** Extracted records follows **

lemma int_net_approx:
  assumes "N > 0" and unit: "(\<Sum>j=1..int N. (x j)\<^sup>2) = 1"
  shows "\<exists>k\<in>int_net N. (\<Sum>j=1..int N. (x j - net_vector N k j)\<^sup>2) \<le> 1/16"
proof -
  define I where "I = {1..int N}"
  define m where "m = 2 * sqrt (real N)"
  define k where "k = restrict (\<lambda>j. round (x j * m)) I"
  have "m > 0" and m2: "m\<^sup>2 = 4 * real N"
    using assms(1) by (simp_all add: m_def power_mult_distrib)
  have "(\<Sum>j\<in>I. (real_of_int (k j))\<^sup>2) \<le> (\<Sum>j\<in>I. 2 * m\<^sup>2 * (x j)\<^sup>2 + 1/2)"
    using round_scaled_square_le[OF \<open>m > 0\<close>] by (intro sum_mono) (simp add: k_def)
  also have "\<dots> = 8 * real N + real N / 2"
    using unit by (simp add: sum.distrib sum_distrib_left[symmetric] m2 I_def)
  finally have "k \<in> int_net N"
    using assms(1) by (intro mem_int_net_of_sum_squares_le) (auto simp: k_def I_def)
  have "(\<Sum>j\<in>I. (x j - net_vector N k j)\<^sup>2) \<le> (\<Sum>j\<in>I. (1/2)\<^sup>2 / m\<^sup>2)"
  proof (intro sum_mono)
    fix j assume "j \<in> I"
    have "x j - net_vector N k j = (x j * m - real_of_int (k j)) / m"
      using \<open>m > 0\<close> by (simp add: net_vector_def m_def field_simps)
    then have "(x j - net_vector N k j)\<^sup>2 = \<bar>x j * m - real_of_int (k j)\<bar>\<^sup>2 / m\<^sup>2"
      by (simp add: power_divide)
    also have "\<dots> \<le> (1/2)\<^sup>2 / m\<^sup>2"
      using \<open>j \<in> I\<close> of_int_round_abs_le[of "x j * m"]
      by (intro divide_right_mono power_mono) (auto simp: k_def abs_minus_commute)
    finally show "(x j - net_vector N k j)\<^sup>2 \<le> (1/2)\<^sup>2 / m\<^sup>2" .
  qed
  also have "\<dots> = 1/16"
    using assms(1) \<open>m > 0\<close> by (simp add: m2 I_def power_divide)
  finally show ?thesis
    using \<open>k \<in> int_net N\<close> unfolding I_def by blast
qed

lemma op_norm_le_of_int_net:
  assumes "N > 0"
    and "\<And>k l. k \<in> int_net N \<Longrightarrow> l \<in> int_net N \<Longrightarrow>
      \<bar>\<Sum>i=1..int N. \<Sum>j=1..int N. net_vector N k i * A i j * net_vector N l j\<bar> \<le> \<tau>"
  shows "op_norm N A \<le> 8 * \<tau> / 3"
  using assms(1)
proof (rule op_norm_le_of_net[where V = "net_vector N ` int_net N"])
  show "\<exists>v\<in>net_vector N ` int_net N. (\<Sum>j=1..int N. (x j - v j)\<^sup>2) \<le> 1/16"
    if "(\<Sum>j=1..int N. (x j)\<^sup>2) = 1" for x
    using int_net_approx[OF assms(1) that] by blast
qed (use assms net_vector_sum_squares_le in auto)
definition a_map ::
  "('k::field \<Rightarrow> 'v::ab_group_add \<Rightarrow> 'v) \<Rightarrow> nat \<Rightarrow> ('v list \<Rightarrow> 'v) \<Rightarrow> ('i \<Rightarrow> 'v) \<Rightarrow> 'i set \<Rightarrow> 'v set \<Rightarrow>
   (nat \<Rightarrow> nat) \<Rightarrow> 'i option list \<Rightarrow> 'i option set" where
  "a_map scale n br e I V \<sigma> js =
     (let P = prod_span scale n br \<sigma> (map (uset e V) js) in
       {Some r | r. r \<in> I \<and> P \<noteq> {0} \<and> P \<subseteq> module.span scale {e r}} \<union>
       (if P \<noteq> {0} \<and> P \<subseteq> V then {None} else {}))"

definition b_map ::
  "('k::field \<Rightarrow> 'v::ab_group_add \<Rightarrow> 'v) \<Rightarrow> nat \<Rightarrow> ('v list \<Rightarrow> 'v) \<Rightarrow> ('i \<Rightarrow> 'v) \<Rightarrow> 'i set \<Rightarrow> 'v set \<Rightarrow>
   (nat \<Rightarrow> nat) \<Rightarrow> 'i option \<Rightarrow> 'i option list \<Rightarrow> 'i option set" where
  "b_map scale n br e I V \<sigma> j js = {x \<in> frakI I. a_map scale n br e I V \<sigma> (x # js) = {j}}"

definition mu ::
  "('k::field \<Rightarrow> 'v::ab_group_add \<Rightarrow> 'v) \<Rightarrow> nat \<Rightarrow> ('v list \<Rightarrow> 'v) \<Rightarrow> ('i \<Rightarrow> 'v) \<Rightarrow> 'i set \<Rightarrow> 'v set \<Rightarrow>
   bool \<times> 'i option \<Rightarrow> bool \<times> 'i option list \<Rightarrow> 'i option set" where
  "mu scale n br e I V jj X =
     (case (jj, X) of
        ((False, j), (False, js)) \<Rightarrow>
           (\<Union>\<sigma>\<in>{\<sigma>. \<sigma> permutes {..<n}}. a_map scale n br e I V \<sigma> (j # js))
      | ((False, j), (True, js)) \<Rightarrow>
           (\<Union>\<sigma>\<in>{\<sigma>. \<sigma> permutes {..<n}}. b_map scale n br e I V \<sigma> j js)
      | ((True, j), (False, js)) \<Rightarrow>
           (\<Union>k\<in>{..<n - 1}. \<Union>\<sigma>\<in>{\<sigma>. \<sigma> permutes {..<n}}.
              b_map scale n br e I V \<sigma> (js ! k) (j # take k js @ drop (Suc k) js))
      | ((True, j), (True, js)) \<Rightarrow> {})"
(* Let $\mathbb{R}^n$ carry a norm $\|\cdot\|$ with dual norm $\|\cdot\|_*$, let $Q\subseteq\mathbb{R}^n$ be closed and convex, let $f_1,\dots,f_M$ be convex functions on $Q$, differentiable with $\|\nabla f_i(x)-\nabla f_i(y)\|_*\le L\|x-y\|$ for all $x,y\in Q$, and let $h$ be convex on $Q$. Put $f(x)=\max_{i=1,\dots,M}f_i(x)+h(x)$ and assume $f$ attains its minimum over $Q$ at $x_*$. Let $d$ be a prox-function on $Q$ with Bregman divergence $V$, $x_0\in Q$, $V(x_*,x_0)\le R^2$. Run the adaptive mirror triangle method for the minimax problem (described in the context) with starting point $x_0$, an integer $N\ge1$ of steps, and initial constant $L_0$ with $0<L_0\le L$. Then $$f(x_N)-f(x_* )\le\frac{8LR^2}{(N+1)^2}.$$
   Context: $\|\lambda\|_*=\max_{\|\nu\|\le1}\langle\lambda,\nu\rangle$. A prox-function on $Q$ is a continuously differentiable $d:Q\to\mathbb{R}$, $1$-strongly convex w.r.t. $\|\cdot\|$; $V(x,y)=d(x)-d(y)-\langle\nabla d(y),x-y\rangle$. The adaptive method: set $y_0=u_0=x_0$, $L_1=L_0/2$, $\alpha_0=A_0=0$. Step $k+1$ ($k=0,\dots,N-1$), with current value $L_{k+1}$: (i) let $\alpha_{k+1}$ be the largest root of $A_k+\alpha=L_{k+1}\alpha^2$, and $A_{k+1}=A_k+\alpha_{k+1}$; (ii) $y_{k+1}=(\alpha_{k+1}u_k+A_kx_k)/A_{k+1}$; (iii) $u_{k+1}=\arg\min_{x\in Q}\{V(x,u_k)+\alpha_{k+1}(\max_{j}[f_j(y_{k+1})+\langle\nabla f_j(y_{k+1}),x-y_{k+1}\rangle]+h(x))\}$; (iv) $x_{k+1}=(\alpha_{k+1}u_{k+1}+A_kx_k)/A_{k+1}$; (v) if $f(x_{k+1})\le\max_j\{f_j(y_{k+1})+\langle\nabla f_j(y_{k+1}),x_{k+1}-y_{k+1}\rangle\}+\frac{L_{k+1}}{2}\|x_{k+1}-y_{k+1}\|^2+h(x_{k+1})$, set $L_{k+2}=L_{k+1}/2$ and go to the next step; otherwise replace $L_{k+1}$ by $2L_{k+1}$ and repeat step $k+1$ from (i). *)

theory Defs
  imports "HOL-Analysis.Analysis"
begin

definition is_norm :: "('a::euclidean_space \<Rightarrow> real) \<Rightarrow> bool" where
  "is_norm nrm \<longleftrightarrow> (\<forall>x. nrm x = 0 \<longleftrightarrow> x = 0) \<and> (\<forall>c x. nrm (c *\<^sub>R x) = \<bar>c\<bar> * nrm x)
     \<and> (\<forall>x y. nrm (x + y) \<le> nrm x + nrm y)"

definition dual_norm :: "('a::euclidean_space \<Rightarrow> real) \<Rightarrow> 'a \<Rightarrow> real" where
  "dual_norm nrm l = Sup ((\<lambda>v. l \<bullet> v) ` {v. nrm v \<le> 1})"

definition prox_function :: "('a::euclidean_space \<Rightarrow> real) \<Rightarrow> 'a set \<Rightarrow> ('a \<Rightarrow> real) \<Rightarrow> ('a \<Rightarrow> 'a) \<Rightarrow> bool" where
  "prox_function nrm Q d gd \<longleftrightarrow>
     (\<forall>x\<in>Q. (d has_derivative (\<lambda>v. gd x \<bullet> v)) (at x within Q)) \<and> continuous_on Q gd \<and>
     (\<forall>x\<in>Q. \<forall>y\<in>Q. \<forall>t\<in>{0..1}.
        d (t *\<^sub>R x + (1 - t) *\<^sub>R y) \<le> t * d x + (1 - t) * d y - t * (1 - t) / 2 * (nrm (x - y))\<^sup>2)"

definition bregman :: "('a::euclidean_space \<Rightarrow> real) \<Rightarrow> ('a \<Rightarrow> 'a) \<Rightarrow> 'a \<Rightarrow> 'a \<Rightarrow> real" where
  "bregman d gd x y = d x - d y - gd y \<bullet> (x - y)"

definition is_argmin_on :: "'a set \<Rightarrow> ('a \<Rightarrow> real) \<Rightarrow> 'a \<Rightarrow> bool" where
  "is_argmin_on Q F u \<longleftrightarrow> u \<in> Q \<and> (\<forall>x\<in>Q. F u \<le> F x)"

definition lin_max :: "nat \<Rightarrow> (nat \<Rightarrow> 'a::euclidean_space \<Rightarrow> real) \<Rightarrow> (nat \<Rightarrow> 'a \<Rightarrow> 'a) \<Rightarrow> 'a \<Rightarrow> 'a \<Rightarrow> real" where
  "lin_max M f g y x = Max ((\<lambda>j. f j y + g j y \<bullet> (x - y)) ` {1..M})"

** End of Extracted records **

(Task to carry out): Beginning at the top of the entries above, output each line exactly, and end with the line in which "define I where" appears.

(Your response):
lemma int_net_approx:
  assumes "N > 0" and unit: "(\<Sum>j=1..int N. (x j)\<^sup>2) = 1"
  shows "\<exists>k\<in>int_net N. (\<Sum>j=1..int N. (x j - net_vector N k j)\<^sup>2) \<le> 1/16"
proof -
  define I where "I = {1..int N}"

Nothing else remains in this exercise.